Copy out exactly the lines from the start of the data to the line containing "using P_proper[OF that]". Include both.

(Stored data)
####
lemma (in cring) has_K33_subgraph_RDirProd_local:
  assumes "local_cring R" "ring S" "ideal I R" "I \<noteq> carrier R" "ideal J S" "J \<noteq> carrier S"
    and "x \<in> gverts R I" "y \<in> gverts R I" "x \<noteq> y"
  shows "has_K33_subgraph (gverts (RDirProd R S) (I \<times> J)) (gadj (RDirProd R S) (I \<times> J))"
proof -
  have x: "x \<in> carrier R" "x \<notin> I" and y: "y \<in> carrier R" "y \<notin> I"
    using assms(7,8) unfolding gverts_def by auto
  define P where "P = {x, y, \<zero>}"
  define Q where "Q = {\<one>, \<one> \<oplus> x, \<one> \<oplus> y}"
  have P_proper: "p \<in> carrier R" "elt_plus_ideal R p I \<noteq> carrier R" if "p \<in> P" for p
    using that assms(4,7,8) elt_plus_ideal_zero[OF assms(3)] unfolding P_def gverts_def by auto
  have one_notin: "\<one> \<notin> elt_plus_ideal R p I" if "p \<in> P" for p
    using P_proper[OF that] elt_plus_ideal_ideal[OF _ assms(3)] ideal.one_imp_carrier by blast
  have "\<zero> \<in> I"
    using assms(3) additive_subgroup.zero_closed[OF ideal.axioms(1)] by blast
  then have "x \<noteq> \<zero>" "y \<noteq> \<zero>"
    using x(2) y(2) by auto
  then have "card P = 3" "card Q = 3"
    using x(1) y(1) \<open>x \<noteq> y\<close> unfolding P_def Q_def by auto
  moreover have "P \<subseteq> carrier R" "Q \<subseteq> carrier R"
    using x y unfolding P_def Q_def by auto
  moreover have "q \<notin> elt_plus_ideal R p I" if "p \<in> P" "q \<in> Q" for p q
    using that one_notin local_one_add_notin_elt_plus_ideal[OF assms(1,3) _ P_proper[OF that(1)]]
      assms(7,8) unfolding Q_def by blast
  ultimately show ?thesis
    using has_K33_subgraph_RDirProd[OF ring_axioms assms(2,3,5,6)] one_notin by blast
qed

theorem theorem3p14:
  fixes R1 :: "('a, 'm) ring_scheme" and R2 :: "('b, 'n) ring_scheme"
    and I1 :: "'a set" and I2 :: "'b set"
  assumes "local_cring R1" and "local_cring R2"
    and "ideal I1 R1" and "I1 \<noteq> carrier R1"
    and "ideal I2 R2" and "I2 \<noteq> carrier R2"
    and "(\<exists>x y. gadj R1 I1 x y) \<or> (\<exists>x y. gadj R2 I2 x y)"
  shows "\<not> planar (gverts (RDirProd R1 R2) (I1 \<times> I2)) (gadj (RDirProd R1 R2) (I1 \<times> I2))"
proof -
  have "cring R1" "cring R2"
    using assms(1,2) unfolding local_cring_def by auto
  then have "ring R1" "ring R2"
    by (auto intro: cring.axioms(1))
  have "has_K33_subgraph (gverts (RDirProd R1 R2) (I1 \<times> I2)) (gadj (RDirProd R1 R2) (I1 \<times> I2))"
    using assms(7)
  proof (elim disjE exE)
    fix x y assume "gadj R1 I1 x y"
    then show ?thesis
      using cring.has_K33_subgraph_RDirProd_local[OF \<open>cring R1\<close> assms(1) \<open>ring R2\<close> assms(3-6)]
      unfolding gadj_def by blast
  next
    fix x y assume "gadj R2 I2 x y"
    then show ?thesis
      using cring.has_K33_subgraph_RDirProd_local[OF \<open>cring R2\<close> assms(2) \<open>ring R1\<close> assms(5,6,3,4)]
        has_K33_subgraph_RDirProd_swap
      unfolding gadj_def by blast
  qed
  then show ?thesis
    by (rule has_K33_subgraph_not_planar)
qed

end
####
> _Solution to the problem_
lemma (in cring) has_K33_subgraph_RDirProd_local:
  assumes "local_cring R" "ring S" "ideal I R" "I \<noteq> carrier R" "ideal J S" "J \<noteq> carrier S"
    and "x \<in> gverts R I" "y \<in> gverts R I" "x \<noteq> y"
  shows "has_K33_subgraph (gverts (RDirProd R S) (I \<times> J)) (gadj (RDirProd R S) (I \<times> J))"
proof -
  have x: "x \<in> carrier R" "x \<notin> I" and y: "y \<in> carrier R" "y \<notin> I"
    using assms(7,8) unfolding gverts_def by auto
  define P where "P = {x, y, \<zero>}"
  define Q where "Q = {\<one>, \<one> \<oplus> x, \<one> \<oplus> y}"
  have P_proper: "p \<in> carrier R" "elt_plus_ideal R p I \<noteq> carrier R" if "p \<in> P" for p
    using that assms(4,7,8) elt_plus_ideal_zero[OF assms(3)] unfolding P_def gverts_def by auto
  have one_notin: "\<one> \<notin> elt_plus_ideal R p I" if "p \<in> P" for p
    using P_proper[OF that] elt_plus_ideal_ideal[OF _ assms(3)] ideal.one_imp_carrier by blast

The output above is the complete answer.